Бет Конгротян сказала:
— Я вам не позволю их записывать.
— Мы будем, — сказал ей Нэт. — Мы привыкли к подобным вещам на фольклорных музыкальных сессиях. Все это проверялось в судах Штатов много раз, и фирма всегда выигрывала. — Он пошел вслед за Джимом, чтобы помочь наладить записывающее устройство.
— Мистер Флиджер, вы понимаете, кто они? — спросила его миссис Конгротян.
— Да, — сказал он и продолжил свое дело.
Вскоре они установили «Ампер Ф-а2»; организм сонно пульсировал, волнообразно расправляя свои псевдоподии, словно был голоден. Казалось, влажная атмосфера мало повлияла на него, он был вялый, как никогда.
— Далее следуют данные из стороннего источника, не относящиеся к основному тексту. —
lemma inner_vector_matrix_mult_cof:
  fixes A :: "real^'n^'n" and y :: "real^'n"
  shows "(y v* A) \<bullet> (y v* cof A) = det A * (norm y)\<^sup>2"
proof -
  have "(y v* A) \<bullet> (y v* cof A)
      = (\<Sum>j\<in>UNIV. \<Sum>k\<in>UNIV. \<Sum>i\<in>UNIV. y $ k * y $ i * (A $ k $ j * cof A $ i $ j))"
    by (simp add: inner_vec_def vector_matrix_mult_def sum_product mult_ac)
  also have "\<dots> = (\<Sum>k\<in>UNIV. \<Sum>j\<in>UNIV. \<Sum>i\<in>UNIV. y $ k * y $ i * (A $ k $ j * cof A $ i $ j))"
    by (rule sum.swap)
  also have "\<dots> = (\<Sum>k\<in>UNIV. \<Sum>i\<in>UNIV. y $ k * y $ i * (\<Sum>j\<in>UNIV. A $ k $ j * cof A $ i $ j))"
    by (rule sum.cong[OF refl], subst sum.swap) (simp add: sum_distrib_left)
  also have "\<dots> = (\<Sum>k\<in>UNIV. y $ k * y $ k * det A)"
    by (simp add: laplace_expansion_cof if_distrib[of "\<lambda>x. _ * x"] cong: if_cong)
  also have "\<dots> = det A * (norm y)\<^sup>2"
    by (simp add: power2_norm_eq_inner inner_vec_def sum_distrib_left mult_ac)
  finally show ?thesis .
qed

section \<open>Divergence\<close>

definition has_divergence_on ::
    "(real^'n \<Rightarrow> real^'n) \<Rightarrow> (real^'n \<Rightarrow> real) \<Rightarrow> (real^'n) set \<Rightarrow> bool" where
  "has_divergence_on F d U \<longleftrightarrow> continuous_on U F \<and>
     (\<exists>D. (\<forall>j. has_dir_derivative_on (\<lambda>x. F x $ j) (axis j 1) (D j) U \<and> continuous_on U (D j)) \<and>
          (\<forall>x\<in>U. (\<Sum>j\<in>UNIV. D j x) = d x))"

lemma has_divergence_onI:
  assumes "continuous_on U F"
    and "\<And>j. has_dir_derivative_on (\<lambda>x. F x $ j) (axis j 1) (D j) U" "\<And>j. continuous_on U (D j)"
    and "\<And>x. x \<in> U \<Longrightarrow> (\<Sum>j\<in>UNIV. D j x) = d x"
  shows "has_divergence_on F d U"
  using assms unfolding has_divergence_on_def by blast

lemma has_divergence_on_cong:
  "has_divergence_on F d U \<Longrightarrow> (\<And>x. x \<in> U \<Longrightarrow> d x = d' x) \<Longrightarrow> has_divergence_on F d' U"
  unfolding has_divergence_on_def by auto

lemma has_divergence_on_scaleR:
  assumes g': "\<And>j. has_dir_derivative_on g (axis j 1) (g' j) U" "\<And>j. continuous_on U (g' j)"
    and "continuous_on U g" and "has_divergence_on F d U"
  shows "has_divergence_on (\<lambda>x. g x *\<^sub>R F x) (\<lambda>x. (\<Sum>j\<in>UNIV. g' j x * F x $ j) + g x * d x) U"
proof -
  obtain D where F: "continuous_on U F" and D: "\<And>j. has_dir_derivative_on (\<lambda>x. F x $ j) (axis j 1) (D j) U"
    "\<And>j. continuous_on U (D j)" and d: "\<And>x. x \<in> U \<Longrightarrow> (\<Sum>j\<in>UNIV. D j x) = d x"
    using \<open>has_divergence_on F d U\<close> unfolding has_divergence_on_def by blast
  show ?thesis
  proof (rule has_divergence_onI)
    show "continuous_on U (\<lambda>x. g x *\<^sub>R F x)"
      using \<open>continuous_on U g\<close> F by (intro continuous_intros)
  next
    fix j
    show "has_dir_derivative_on (\<lambda>x. (g x *\<^sub>R F x) $ j) (axis j 1) (\<lambda>x. g' j x * F x $ j + g x * D j x) U"
      using has_dir_derivative_on_mult[OF g'(1) D(1)] by simp
    show "continuous_on U (\<lambda>x. g' j x * F x $ j + g x * D j x)"
      using g'(2) D(2) \<open>continuous_on U g\<close> F by (intro continuous_intros)
  next
    fix x assume "x \<in> U"
    then show "(\<Sum>j\<in>UNIV. g' j x * F x $ j + g x * D j x) = (\<Sum>j\<in>UNIV. g' j x * F x $ j) + g x * d x"
      by (simp add: sum.distrib sum_distrib_left[symmetric] d)
  qed
qed

lemma integral_divergence_eq_0:
  assumes "open U" "compact K" "K \<subseteq> U" "\<And>x. x \<notin> K \<Longrightarrow> F x = 0" and "has_divergence_on F d U"
  shows "d integrable_on U" "integral U d = 0"
proof -
  obtain D where F: "continuous_on U F" and D: "\<And>j. has_dir_derivative_on (\<lambda>x. F x $ j) (axis j 1) (D j) U"
    "\<And>j. continuous_on U (D j)" and d: "\<And>x. x \<in> U \<Longrightarrow> (\<Sum>j\<in>UNIV. D j x) = d x"
    using \<open>has_divergence_on F d U\<close> unfolding has_divergence_on_def by blast
  have F_cont: "continuous_on U (\<lambda>x. F x $ j)" for j
    using F by (intro continuous_intros)
  have F_0: "F x $ j = 0" if "x \<notin> K" for x j
    using assms(4)[OF that] by simp
  have D_int: "D j integrable_on U" "integral U (D j) = 0" for j
    using integral_dir_derivative_eq_0_open[OF assms(1-3) F_0 F_cont D(2) D(1)] by auto
  have "(\<lambda>x. \<Sum>j\<in>UNIV. D j x) integrable_on U"
    using D_int(1) by (rule integrable_sum[OF finite])
  moreover have "integral U (\<lambda>x. \<Sum>j\<in>UNIV. D j x) = 0"
    using D_int by (simp add: integral_sum)
  ultimately show "d integrable_on U" "integral U d = 0"
    using integrable_spike_finite[of "{}" U] integral_cong[of U "\<lambda>x. \<Sum>j\<in>UNIV. D j x" d] d
    by (auto intro: integrable_eq)
qed

lemma continuous_on_if_const [continuous_intros]:
  "continuous_on U g \<Longrightarrow> continuous_on U (\<lambda>x. if b then c else g x)"
  by (cases b) auto

lemma Dmat_nth: "Dmat f x $ k $ l = frechet_derivative f (at x) (axis l 1) $ k"
  by (simp add: Dmat_def matrix_def)
text \<open>Conversely R' cannot stick out of R horizontally: the rectangle of T carrying
  the marker of the left (right) side of R reaches height d, hence contains the
  corresponding top corner of R, which lies in R' as well.\<close>
lemma partner_within:
  assumes R: "{a..b} \<times> {c..d} \<in> S" "a < b" "c < d"
    and R': "{a'..b'} \<times> {c'..d} \<in> T" "c' < d"
    and covers: "a' \<le> a" "b \<le> b'"
  shows "a \<le> a' \<and> b' \<le> b"
proof
  show "a \<le> a'"
  proof (rule ccontr)
    assume out: "\<not> a \<le> a'"
    obtain b2 c2 d2 y where P: "{a..b2} \<times> {c2..d2} \<in> T" "a < b2" "c2 < d2"
      "y \<in> {c..d}" "y \<in> {c2..d2}"
      using left_partner[OF full_S cons_T rects_T R] .
    have "d \<le> d2"
      using meeting_rect_reaches_top[OF R(1) P(1-3), of "(a,y)"] P(2,4,5) R(2) by auto
    then have "(a,d) \<in> {a..b2} \<times> {c2..d2}" "(a,d) \<in> {a'..b'} \<times> {c'..d}"
      using P(2,4,5) R(2,3) R'(2) covers out by auto
    then have "{a..b2} \<times> {c2..d2} = {a'..b'} \<times> {c'..d}"
      by (rule disjoint_rects_same[OF rects_T P(1) R'(1)])
    then show False using out by (simp add: rect_eq_iff[OF P(2,3)])
  qed
  show "b' \<le> b"
  proof (rule ccontr)
    assume out: "\<not> b' \<le> b"
    obtain a2 c2 d2 y where P: "{a2..b} \<times> {c2..d2} \<in> T" "a2 < b" "c2 < d2"
      "y \<in> {c..d}" "y \<in> {c2..d2}"
      using right_partner[OF full_S cons_T rects_T R] .
    have "d \<le> d2"
      using meeting_rect_reaches_top[OF R(1) P(1-3), of "(b,y)"] P(2,4,5) R(2) by auto
    then have "(b,d) \<in> {a2..b} \<times> {c2..d2}" "(b,d) \<in> {a'..b'} \<times> {c'..d}"
      using P(2,4,5) R(2,3) R'(2) covers out by auto
    then have "{a2..b} \<times> {c2..d2} = {a'..b'} \<times> {c'..d}"
      by (rule disjoint_rects_same[OF rects_T P(1) R'(1)])
    then show False using out by (simp add: rect_eq_iff[OF P(2,3)])
  qed
qed

lemma partner_bottom:
  assumes R: "{a..b} \<times> {c..d} \<in> S"
    and R': "{a'..b'} \<times> {c'..d} \<in> T" "a' < b'" "c' < d"
    and within: "a \<le> a'" "b' \<le> b"
  shows "c' \<le> c"
proof (rule ccontr)
  assume cut: "\<not> c' \<le> c"
  obtain a2 b2 d2 x where P: "{a2..b2} \<times> {c'..d2} \<in> S" "a2 < b2" "c' < d2"
    "x \<in> {a'..b'}" "x \<in> {a2..b2}"
    using bottom_partner[OF full_T cons_S rects_S R'] .
  have "(x,c') \<in> {a2..b2} \<times> {c'..d2}" "(x,c') \<in> {a..b} \<times> {c..d}"
    using P(3-5) R'(3) within cut by auto
  then have "{a2..b2} \<times> {c'..d2} = {a..b} \<times> {c..d}"
    by (rule disjoint_rects_same[OF rects_S P(1) R])
  then show False using cut by (simp add: rect_eq_iff[OF P(2,3)])
qed

lemma lower_partner_eq:
  assumes R: "{a..b} \<times> {c..d} \<in> S" "a < b" "c < d"
    and R': "{a'..b'} \<times> {c'..d} \<in> T" "a' < b'" "c' < d"
    and x0: "x0 \<in> {a..b}" "x0 \<in> {a'..b'}" and lower: "c \<le> c'"
  shows "{a'..b'} \<times> {c'..d} = {a..b} \<times> {c..d}"
proof -
  have covers: "a' \<le> a" "b \<le> b'"
    using lower_partner_covers[OF R(1) R' x0 lower] by auto
  then have "a \<le> a'" "b' \<le> b"
    using partner_within[OF R R'(1,3)] by auto
  moreover from this have "c' \<le> c"
    using partner_bottom[OF R(1) R'] by blast
  ultimately show ?thesis using covers lower by auto
qed

text \<open>A rectangle of S with top d also lies in T: the marker on its top side
  yields a rectangle of T with top d, and whichever of the two is not taller
  coincides with the other.\<close>
lemma top_rect_in_other:
  assumes R: "{a..b} \<times> {c..d} \<in> S" "a < b" "c < d"
  shows "{a..b} \<times> {c..d} \<in> T"
proof -
  obtain a' b' c' x where R': "{a'..b'} \<times> {c'..d} \<in> T" "a' < b'" "c' < d"
    and x: "x \<in> {a..b}" "x \<in> {a'..b'}"
    using top_partner[OF full_S cons_T rects_T R] .
  show ?thesis
  proof (cases "c \<le> c'")
    case True
    then show ?thesis using lower_partner_eq[OF R R' x] R'(1) by simp
  next
    case False
    then have "{a..b} \<times> {c..d} = {a'..b'} \<times> {c'..d}"
      using agreeing_markups.lower_partner_eq[OF swap R' R x(2,1)] by simp
    then show ?thesis using R'(1) by simp
  qed
qed

lemma top_rect_shared:
  assumes "Q \<in> S \<union> T" "is_rect Q" "rect_top Q = d"
  shows "Q \<in> S \<and> Q \<in> T"
proof -
  obtain a b c e where Q: "a < b" "c < e" "Q = {a..b} \<times> {c..e}"
    using assms(2) unfolding is_rect_def by blast
  then have "e = d" using assms(3) by (simp add: rect_top_eq)
  then show ?thesis
    using assms(1) Q top_rect_in_other agreeing_markups.top_rect_in_other[OF swap] by auto
qed
lemma norm_cinner_le: "norm (cinner x y) \<le> norm x * norm y"
proof (cases "cinner x y = 0")
  case False
  define u where "u = cinner x y / of_real (norm (cinner x y))"
  have "norm u = 1"
    using False by (simp add: u_def norm_divide)
  then have "norm (u *s y) = norm y"
    by (simp add: norm_vec_def norm_mult)
  have "cinner x (u *s y) = of_real (norm (cinner x y))"
    using False complex_norm_square[of "cinner x y"]
    by (simp add: u_def field_simps power2_eq_square)
  then have "norm (cinner x y) = inner x (u *s y)"
    by (simp add: inner_conv_cinner)
  also have "\<dots> \<le> norm x * norm (u *s y)"
    by (rule norm_cauchy_schwarz)
  finally show ?thesis
    using \<open>norm (u *s y) = norm y\<close> by simp
qed simp

lemma bounded_bilinear_cinner: "bounded_bilinear cinner"
proof
  fix x x' y y' :: "complex^'n" and r :: real
  show "cinner (x + x') y = cinner x y + cinner x' y" "cinner y (x + x') = cinner y x + cinner y x'"
    by (simp_all add: cinner_add_left cinner_add_right)
  show "cinner (r *\<^sub>R x) y = r *\<^sub>R cinner x y" "cinner x (r *\<^sub>R y) = r *\<^sub>R cinner x y"
    by (simp_all add: scaleR_vec_complex scaleR_conv_of_real)
  show "\<exists>K. \<forall>x y :: complex^'n. norm (cinner x y) \<le> norm x * norm y * K"
    using norm_cinner_le by (metis mult.right_neutral)
qed

interpretation cinner: bounded_bilinear cinner
  by (rule bounded_bilinear_cinner)

declare cinner.zero_left [simp] cinner.zero_right [simp]

lemma has_vector_derivative_cinner_rows:
  fixes \<gamma> \<eta> :: "real \<Rightarrow> complex^'T::finite^'m::finite"
  assumes "(\<gamma> has_vector_derivative \<gamma>') (at t)" "(\<eta> has_vector_derivative \<eta>') (at t)"
  shows "((\<lambda>s. cinner (\<gamma> s $ i) (\<eta> s $ j)) has_vector_derivative
           cinner (\<gamma> t $ i) (\<eta>' $ j) + cinner (\<gamma>' $ i) (\<eta> t $ j)) (at t)"
  using cinner.has_vector_derivative[OF
      bounded_linear.has_vector_derivative[OF bounded_linear_vec_nth assms(1)]
      bounded_linear.has_vector_derivative[OF bounded_linear_vec_nth assms(2)]] .

text \<open>Hermitian orthogonality to \<open>v j\<close> is real orthogonality to \<open>v j\<close> and \<open>\<i> *s v j\<close>;
  these span at most \<open>2 CARD('m) < 2 CARD('T)\<close> real dimensions.\<close>

lemma exists_unit_cinner_orthogonal:
  fixes v :: "'m::finite \<Rightarrow> complex^'T::finite"
  assumes "CARD('m) < CARD('T)"
  obtains x where "norm x = 1" "\<And>j. cinner x (v j) = 0"
proof -
  define B where "B = range v \<union> range (\<lambda>j. \<i> *s v j)"
  have "card B \<le> card (range v) + card (range (\<lambda>j. \<i> *s v j))"
    unfolding B_def by (rule card_Un_le)
  also have "\<dots> \<le> 2 * CARD('m)"
    using card_image_le[of UNIV v] card_image_le[of UNIV "\<lambda>j. \<i> *s v j"] by simp
  finally have "dim B < DIM(complex^'T)"
    using dim_le_card'[of B] assms by (simp add: B_def)
  then obtain x :: "complex^'T" where x: "x \<noteq> 0" "\<And>y. y \<in> span B \<Longrightarrow> orthogonal x y"
    by (rule orthogonal_to_subspace_exists) blast
  have "cinner x (v j) = 0" for j
  proof -
    have "orthogonal x (v j)" "orthogonal x (\<i> *s v j)"
      using x(2)[OF span_base[of "v j" B]] x(2)[OF span_base[of "\<i> *s v j" B]]
      unfolding B_def by auto
    then show ?thesis
      by (simp add: orthogonal_def inner_conv_cinner complex_eq_iff)
  qed
  with x(1) show ?thesis
    by (intro that[of "(1 / norm x) *\<^sub>R x"]) (simp_all add: cinner.scaleR_left)
qed

section \<open>The scaled Stiefel manifold and its tangent spaces\<close>

definition scaled_stiefel :: "('m::finite \<Rightarrow> real) \<Rightarrow> (complex^'T::finite^'m) set" where
  "scaled_stiefel \<sigma> =
     {X. \<forall>i j. cinner (X$i) (X$j) = (if i = j then complex_of_real ((\<sigma> i)\<^sup>2) else 0)}"

lemma scaled_stiefel_cinner:
  "X \<in> scaled_stiefel \<sigma> \<Longrightarrow> cinner (X$i) (X$j) = (if i = j then complex_of_real ((\<sigma> i)\<^sup>2) else 0)"
  by (simp add: scaled_stiefel_def)

lemma gram_level_set_diag_mat:
  "gram_level_set (diag_mat (\<lambda>i. complex_of_real ((\<sigma> i)\<^sup>2))) = scaled_stiefel \<sigma>"
  by (auto simp: gram_level_set_def scaled_stiefel_def vec_eq_iff diag_mat_def
      matrix_matrix_mult_def conj_transpose_def cinner_def)
(* Let $0=t_0<t_1<\dots<t_N=T$ be a temporal mesh with steps $\tau_k=t_k-t_{k-1}$, let $0<\alpha<1$, and let $\{B^{(n)}_k\}_{k=0}^n$, $0\le n\le N-1$, be real kernels satisfying: (A1) $B^{(n)}_0\ge B^{(n)}_1\ge\dots\ge B^{(n)}_n>0$ for $0\le n\le N-1$; (A2) there is $\pi_B>0$ with $B^{(n)}_{n-k}\ge\frac{1}{\pi_B\tau_{k+1}}\int_{t_k}^{t_{k+1}}\omega_{1-\alpha}(t_{n+1}-s)\,ds$ for $0\le k\le n$; (A3) there is $\rho>0$ with $\tau_k/\tau_{k+1}\le\rho$ for $1\le k\le N-1$. Let $\{g^n\}_{n=1}^N$ and $\{\lambda_l\}_{l=0}^{N-1}$ be nonnegative sequences with $\sum_{l=0}^{N-1}\lambda_l\le\Lambda$ for some $\Lambda>0$. Then for any nonnegative sequence $\{\psi^k\}_{k=0}^N$ satisfying $$\sum_{k=0}^nB^{(n)}_{n-k}(\psi^{k+1}-\psi^k)\le\sum_{k=0}^n\lambda_{n-k}\psi^k+g^{n+1},\qquad 0\le n\le N-1,$$ it holds, for $0\le n\le N-1$, $$\psi^{n+1}\le E_\alpha\big(\max(1,\rho)\pi_B\Lambda t_{n+1}^\alpha\big)\Big(\psi^0+\max_{0\le k\le n}\sum_{j=0}^k\tilde p^{(k)}_{k-j}g^{j+1}\Big).$$
   Context: $\omega_{1-\alpha}(t)=t^{-\alpha}/\Gamma(1-\alpha)$. $E_\alpha(z)=\sum_{k=0}^\infty\frac{z^k}{\Gamma(1+k\alpha)}$ is the Mittag-Leffler function. The complementary kernels $\tilde p$ of $\{B^{(n)}_k\}$ are defined by $\tilde\theta^{(n)}_0=1/B^{(n)}_0$, $\tilde\theta^{(n)}_{n-k}=-\frac{1}{B^{(k)}_0}\sum_{j=k+1}^n\tilde\theta^{(n)}_{n-j}B^{(j)}_{j-k}$ for $0\le k\le n-1$, and $\tilde p^{(n)}_{n-k}=\sum_{j=k}^n\tilde\theta^{(j)}_{j-k}$ for $0\le k\le n$. *)

theory Defs
  imports "HOL-Analysis.Analysis"
begin

text \<open>Kernel omega_{1-alpha}(t) = t^(-alpha) / Gamma(1-alpha).\<close>
definition omega :: "real \<Rightarrow> real \<Rightarrow> real" where
  "omega \<alpha> s = s powr (-\<alpha>) / Gamma (1 - \<alpha>)"

definition mittag_leffler :: "real \<Rightarrow> real \<Rightarrow> real" where
  "mittag_leffler \<alpha> z = (\<Sum>k. z ^ k / Gamma (1 + real k * \<alpha>))"

text \<open>theta B n m = theta^{(n)}_m, where B n k = B^{(n)}_k.
  For m = n - k with 0 <= k <= n-1:
  theta^{(n)}_{n-k} = -(1/B^{(k)}_0) * sum_{j=k+1}^n theta^{(n)}_{n-j} B^{(j)}_{j-k}.\<close>
function theta :: "(nat \<Rightarrow> nat \<Rightarrow> real) \<Rightarrow> nat \<Rightarrow> nat \<Rightarrow> real" where
  "theta B n m =
     (if m = 0 then 1 / B n 0
      else - (1 / B (n - m) 0) *
        (\<Sum>j\<in>{n - m + 1..n}. theta B n (n - j) * B j (j - (n - m))))"
  by auto
termination by (relation "Wellfounded.measure (\<lambda>(B, n, m). m)") auto

definition ptilde :: "(nat \<Rightarrow> nat \<Rightarrow> real) \<Rightarrow> nat \<Rightarrow> nat \<Rightarrow> real" where
  "ptilde B n m = (\<Sum>j\<in>{n - m..n}. theta B j (j - (n - m)))"

end

theory Submission
  imports Defs
begin

text \<open>Write \<open>\<omega>_\<beta>(t) = t^(\<beta>-1)/\<Gamma>(\<beta>)\<close> and \<open>p\<close> for the complementary kernel. Under (A1)
  \<open>p\<close> is nonnegative, and it inverts the discrete Caputo operator on the left of the hypothesis,
  so \<open>\<psi>^(n+1)\<close> is at most \<open>\<psi>^0\<close>, plus the \<open>p\<close>-weighted sum of the \<open>g\<close>'s, plus \<open>\<Lambda>\<close> times a
  \<open>p\<close>-weighted sum of bounds for the earlier \<open>\<psi>^i\<close>. The Mittag-Leffler bound then follows by
  induction on \<open>n\<close> from the estimate
  \<open>\<Sum>_i p^(n)_(n-i) \<omega>_(1+m\<alpha>)(t_i) \<le> max(1,\<rho>) \<pi>_B \<omega>_(1+(m+1)\<alpha>)(t_(n+1))\<close>,
  applied term by term to the series \<open>E_\<alpha>(c t^\<alpha>) = \<Sum>_m c^m \<omega>_(1+m\<alpha>)(t)\<close>.
  This comparison rests on the semigroup identity \<open>\<omega>_(1+m\<alpha>) = \<omega>_(1-\<alpha>) * \<omega>_((m+1)\<alpha>)\<close>: by (A2)
  the discrete Caputo operator applied to \<open>\<omega>_(1+(m+1)\<alpha>)\<close> dominates the L1 discretisation of
  this convolution, and that discretisation dominates \<open>\<omega>_(1+m\<alpha>)\<close> up to the factor
  \<open>max(1,\<rho>)\<close>: by Chebyshev's inequality on each cell when \<open>\<omega>_((m+1)\<alpha>)\<close> decreases, and by
  Abel summation together with the step ratio bound (A3) when it increases.\<close>

section \<open>Complementary kernels\<close>

declare theta.simps [simp del]

lemma theta_0: "theta B n 0 = 1 / B n 0"
  by (subst theta.simps) simp

lemma theta_recurrence:
  assumes "k < n"
  shows "theta B n (n - k) = - (1 / B k 0) * (\<Sum>j\<in>{k+1..n}. theta B n (n - j) * B j (j - k))"
  using assms by (subst theta.simps) simp

lemma sum_theta_mult_kernel:
  assumes "B k 0 \<noteq> 0" and "k \<le> n"
  shows "(\<Sum>j\<in>{k..n}. theta B n (n - j) * B j (j - k)) = (if k = n then 1 else 0)"
proof (cases "k = n")
  case True
  then show ?thesis using assms by (simp add: theta_0)
next
  case False
  with assms have "{k..n} = insert k {k+1..n}" "k < n" by auto
  then show ?thesis using assms False by (simp add: theta_recurrence)
qed

lemma sum_triangle_swap:
  fixes f :: "nat \<Rightarrow> nat \<Rightarrow> 'a::comm_monoid_add"
  shows "(\<Sum>i\<in>{m..n}. \<Sum>j\<in>{i..n}. f i j) = (\<Sum>j\<in>{m..n}. \<Sum>i\<in>{m..j}. f i j)"
proof -
  have "(\<Sum>i\<in>{m..n}. \<Sum>j\<in>{i..n}. f i j) = (\<Sum>i\<in>{m..n}. \<Sum>j\<in>{j\<in>{m..n}. i \<le> j}. f i j)"
    by (intro sum.cong) auto
  also have "\<dots> = (\<Sum>j\<in>{m..n}. \<Sum>i\<in>{i\<in>{m..n}. i \<le> j}. f i j)"
    by (rule sum.swap_restrict) auto
  also have "\<dots> = (\<Sum>j\<in>{m..n}. \<Sum>i\<in>{m..j}. f i j)"
    by (intro sum.cong) auto
  finally show ?thesis .
qed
Появившись за их спинами, сосредоточенная, с жестким, решительным лицом, Бет Конгротян тихо сказала:
— Послушайте, пожалуйста, меня. Вечером, а точнее сегодня вечером, будет их общий сбор. Взрослых. В их главном зале, недалеко отсюда, в лесу, на красной кирпичной боковой дороге, которую они все используют; она принадлежит им, их организации. Там будет много песен и танцев. Как раз то, что вам нужно. Гораздо больше, чем вы найдете здесь, у этих детей. Поэтому, пожалуйста, подождите и запишите тех.
Нэт сказал:
— Мы запишем обе группы. — И дал знак Джиму нести «Ампек Ф-а2» поближе к детям.
— Я вас оставлю здесь, в доме, на ночь, — сказала Бет Конгротян, спеша за ним. — Очень поздно, примерно в два утра, они прекрасно поют — слова понять трудно, но… — Она схватила его за руку. — Мы с Робертом пытались воспитывать нашего сына вдали от этого. Дети, пока они маленькие, не принимают в этом большого участия, у них вы не получите настоящего материала. Когда вы увидите взрослых… — Она резко замолчала и тускло произнесла: — Тогда вы поймете, что я имею в виду.
Молли сказала Нэту:
— Давай подождем.
В нерешительности Нэт повернулся к Джиму. Тот кивнул.
— О’кей, — сказал Нэт миссис Конгротян. — Если вы отведете нас туда, где они встречаются. И поможете проникнуть незамеченными.
— Да, — сказала она. — Я это сделаю. Спасибо, мистер Флиджер.
Я чувствую себя виноватым, сказал себе Нэт. А вслух произнес:
— О’кей. И вы… — Тут чувство вины возобладало. — Зачем, вы не должны оставлять нас в своем доме — мы остановимся в Дженнере.
— Я бы хотела, чтобы вы остались, — сказала Бет Конгротян. — Мне очень одиноко. Мне нужно чье-нибудь общество, когда нет Роберта. Вам не понять, что это значит, когда приезжает кто-нибудь… оттуда, хоть ненадолго.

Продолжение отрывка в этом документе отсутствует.